When I made it to the DCU Center for my undergraduate college graduation last May, I was given a card with a QR Code on it. We all were told many times how important the card was, how we couldn’t let go of it and that we had to bring it with us to the stage. When I did, the then-Dean of Students Kamala Kiem scanned it with a reader, whispered in my ear, “Don’t start walking until you hear your name,” and soon, off I went. Suddenly, I realized why they had me input my name pronunciation when I applied to graduate.
Like many schools, Clark uses a service named Tassel to handle all online graduation-related programming. Tassel had announced their usage of an AI reader in order to streamline name pronunciation and reduce the chances of a mispronunciation. But how many students, like me, did not realize that change going in?
When you register for graduation on the Tassel site, the service generates a phonetic spelling of your name, which you can then approve or edit. If you reject it three times, then they will have a professional voice artist re-record it. So, unless you go out of your way to opt out multiple times, you will have the AI read your name.
I heard a defense of this tool being that it “goes through names faster,” but I would argue that, (like with the whole pro-AI argument), some activities are not about efficiency. Yes, it is timely, but it both takes out the opportunity for an administrator to work to learn your name and to share your accomplishment in real time with another human.
And yes, I know this is a tiny, almost non-issue, but to me it speaks to the greater takeover of AI on our campus: in the past couple years, I have gone from having my undergraduate professors be vehemently anti-AI on class assignments, to my graduate professors allowing or even encouraging it, to receiving (what I suspect to be) AI-generated feedback from instructors on assignments. What is the next decade even going to look like for a college student who might not want to use it? Will they have a choice?
The greatest argument in favor of the tool’s use is that it might be able to avoid errors, and help a student feel secure that their name will be pronounced correctly on the big day. While this is anecdotal, I heard from multiple friends (and I personally remember hearing at the ceremony) that the AI tool either pronounced their name or someone else’s name wrong. Because, hey, why not rely on that famously error-free AI technology?
To me, this feels like a microcosm of Clark’s attitude as of late: putting the fancy new technology on a pedestal and completely disregarding letting the students have a say. If this is such a supportive and efficient new technology, why doesn’t it support our right to decide? As a fifth-year graduate student now, I am participating in a graduation ceremony for the third (and likely last) time, and I am (I guess) coming to terms with the fact that my only human-read graduation was at my high school in 2021.
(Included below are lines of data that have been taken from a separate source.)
lemma GL_int_extend:
  assumes V: "V \<in> GL_int d"
  shows "\<exists>W\<in>GL_int (Suc d). col W 0 = vCons 1 (0\<^sub>v d) \<and>
           (\<forall>j<d. col W (Suc j) = vCons (w j) (col V j))"
proof -
  have Vc: "V \<in> carrier_mat d d" using GL_int_carrier[OF V] .
  define W :: "int mat" where "W = four_block_mat (1\<^sub>m 1) (mat 1 d (\<lambda>(_,j). w j)) (0\<^sub>m d 1) V"
  have Wc: "W \<in> carrier_mat (Suc d) (Suc d)" unfolding W_def using Vc by auto
  have "det W = det (1\<^sub>m 1 :: int mat) * det V"
    unfolding W_def by (rule det_four_block_mat_lower_left_zero_col) (use Vc in auto)
  hence "W \<in> GL_int (Suc d)" using V Wc unfolding GL_int_def by simp
  moreover have "col W 0 = vCons 1 (0\<^sub>v d)"
    by (rule eq_vecI) (use Wc Vc in \<open>auto simp: W_def four_block_mat_def vec_index_vCons\<close>)
  moreover have "col W (Suc j) = vCons (w j) (col V j)" if "j < d" for j
    by (rule eq_vecI) (use that Wc Vc in \<open>auto simp: W_def four_block_mat_def vec_index_vCons\<close>)
  ultimately show ?thesis by blast
qed

text \<open>Each basis vector of the Schur complement gets a rounded first coordinate; near-minimality
  of the corner entry bounds it by the value at the second new basis vector.\<close>

lemma bounded_basis_from_schur_compl:
  assumes G: "G \<in> carrier_mat (Suc d) (Suc d)" and sym: "transpose_mat G = G"
    and a: "0 < G$$(0,0)" and d: "0 < d"
    and near: "\<forall>z. z \<in> carrier_vec (Suc d) \<longrightarrow> z \<noteq> 0\<^sub>v (Suc d) \<longrightarrow>
                 G$$(0,0) \<le> 2 * quad_form G (real_vec z)"
    and "bounded_basis (schur_compl G d) d C"
  shows "bounded_basis G (Suc d) (4 * C)"
proof -
  obtain V where V: "V \<in> GL_int d"
    and V_bound: "\<And>j. j < d \<Longrightarrow> quad_form (schur_compl G d) (real_vec (col V j)) \<le> C"
    using assms(6) unfolding bounded_basis_def by blast
  have Vc: "V \<in> carrier_mat d d" using GL_int_carrier[OF V] .
  have "\<exists>t::int. quad_form G (vCons (of_int t) (real_vec (col V j)))
           \<le> G$$(0,0) / 4 + quad_form (schur_compl G d) (real_vec (col V j))" if "j < d" for j
    using quad_form_vCons_round_le[OF G sym _ a] GL_int_col_carrier[OF V that] by simp
  hence "\<forall>j\<in>{..<d}. \<exists>t::int. quad_form G (vCons (of_int t) (real_vec (col V j)))
           \<le> G$$(0,0) / 4 + quad_form (schur_compl G d) (real_vec (col V j))"
    by blast
  then obtain w where w: "\<forall>j\<in>{..<d}. quad_form G (vCons (of_int (w j)) (real_vec (col V j)))
                      \<le> G$$(0,0) / 4 + quad_form (schur_compl G d) (real_vec (col V j))"
    by (rule bchoice[THEN exE])
  obtain W where W: "W \<in> GL_int (Suc d)" and W0: "col W 0 = vCons 1 (0\<^sub>v d)"
    and WS: "\<And>j. j < d \<Longrightarrow> col W (Suc j) = vCons (w j) (col V j)"
    using GL_int_extend[OF V, of w] by blast
  have "real_vec (col W 0) = vCons 1 (0\<^sub>v d)"
    by (rule eq_vecI) (auto simp: W0 vec_index_vCons split: nat.split)
  hence col0: "quad_form G (real_vec (col W 0)) = G$$(0,0)"
    using quad_form_vCons[OF G sym zero_carrier_vec, of 1] by (simp add: scalar_prod_def)
  have colS: "quad_form G (real_vec (col W (Suc j))) \<le> G$$(0,0) / 4 + C" if "j < d" for j
    using bspec[OF w, of j] V_bound[OF that] that unfolding WS[OF that] real_vec_vCons by simp
  have "G$$(0,0) \<le> 2 * quad_form G (real_vec (col W 1))"
    using near GL_int_col_nonzero[OF W, of 1] GL_int_col_carrier[OF W, of 1] d by simp
  hence "G$$(0,0) \<le> 4 * C" using colS[OF d] by simp
  hence "quad_form G (real_vec (col W k)) \<le> 4 * C" if "k < Suc d" for k
  proof (cases k)
    case (Suc j)
    hence "j < d" using that by simp
    with colS show ?thesis using a \<open>G$$(0,0) \<le> 4 * C\<close> Suc by fastforce
  qed (use col0 in simp)
  hence "\<forall>k<Suc d. quad_form G (real_vec (col W k)) \<le> 4 * C" by blast
  thus ?thesis using W unfolding bounded_basis_def by blast
qed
Are our school’s well-publicized financial woes so widespread that we can’t afford to have one of the twenty-plus staff members who already are sitting behind President David Fithian at the ceremony read them?
All of us, at every graduation level, deserve to hear our names read by an actual human, one who understands the sacrifices and hard work it took to get us to this moment. And, most importantly, we deserve a choice of how our name is heard.